▶

lemma measurable_fold_psgd_step:
  fixes \<Theta> :: "'a::euclidean_space set" and grad :: "'a \<Rightarrow> 'z \<Rightarrow> 'a"
  assumes \<Theta>: "closed \<Theta>" "\<Theta> \<noteq> {}" "convex \<Theta>"
    and grad: "(\<lambda>(\<theta>, z). grad \<theta> z) \<in> borel_measurable (restrict_space borel \<Theta> \<Otimes>\<^sub>M M)"
    and idx: "set idx \<subseteq> I"
    and h: "h \<in> measurable (PiM I (\<lambda>_. M)) (restrict_space borel \<Theta>)"
  shows "(\<lambda>zs. fold (\<lambda>i \<theta>. psgd_step \<Theta> \<eta> grad (zs i) \<theta>) idx (h zs))
           \<in> measurable (PiM I (\<lambda>_. M)) (restrict_space borel \<Theta>)"
  using idx h
proof (induction idx arbitrary: h)
  case (Cons i idx)
  let ?P = "PiM I (\<lambda>_. M)"
  have "(\<lambda>zs. (h zs, zs i)) \<in> measurable ?P (restrict_space borel \<Theta> \<Otimes>\<^sub>M M)"
    using Cons.prems by (intro measurable_Pair) auto
  from measurable_comp[OF this grad]
  have "(\<lambda>zs. grad (h zs) (zs i)) \<in> borel_measurable ?P" by (simp add: o_def)
  moreover have "h \<in> borel_measurable ?P"
    using Cons.prems(2) measurable_restrict_space2_iff by blast
  ultimately have "(\<lambda>zs. h zs - \<eta> *\<^sub>R grad (h zs) (zs i)) \<in> borel_measurable ?P"
    by measurable
  then have "(\<lambda>zs. psgd_step \<Theta> \<eta> grad (zs i) (h zs)) \<in> borel_measurable ?P"
    unfolding psgd_step_def
    by (rule borel_measurable_continuous_on[OF continuous_on_closest_point[OF \<Theta>(3,1,2)]])
  then have "(\<lambda>zs. psgd_step \<Theta> \<eta> grad (zs i) (h zs)) \<in> measurable ?P (restrict_space borel \<Theta>)"
    by (intro measurable_restrict_space2) (use closest_point_in_set[OF \<Theta>(1,2)] in \<open>auto simp: psgd_step_def\<close>)
  with Cons show ?case by simp
qed simp

lemma measurable_psgd_iter:
  fixes \<Theta> :: "'a::euclidean_space set" and grad :: "'a \<Rightarrow> 'z \<Rightarrow> 'a"
  assumes "closed \<Theta>" "\<Theta> \<noteq> {}" "convex \<Theta>"
    and "(\<lambda>(\<theta>, z). grad \<theta> z) \<in> borel_measurable (restrict_space borel \<Theta> \<Otimes>\<^sub>M M)"
    and "set idx \<subseteq> I" "\<theta>0 \<in> \<Theta>"
  shows "(\<lambda>zs. psgd_iter \<Theta> \<eta> grad zs idx \<theta>0) \<in> measurable (PiM I (\<lambda>_. M)) (restrict_space borel \<Theta>)"
  unfolding psgd_iter_def
  using measurable_fold_psgd_step[OF assms(1-5), of "\<lambda>_. \<theta>0"] assms(6)
  by (simp add: space_restrict_space)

◀

Your answer should be the lines of the records that hold the string "lemma".

### Solution to this exercise
lemma measurable_fold_psgd_step:
lemma measurable_psgd_iter:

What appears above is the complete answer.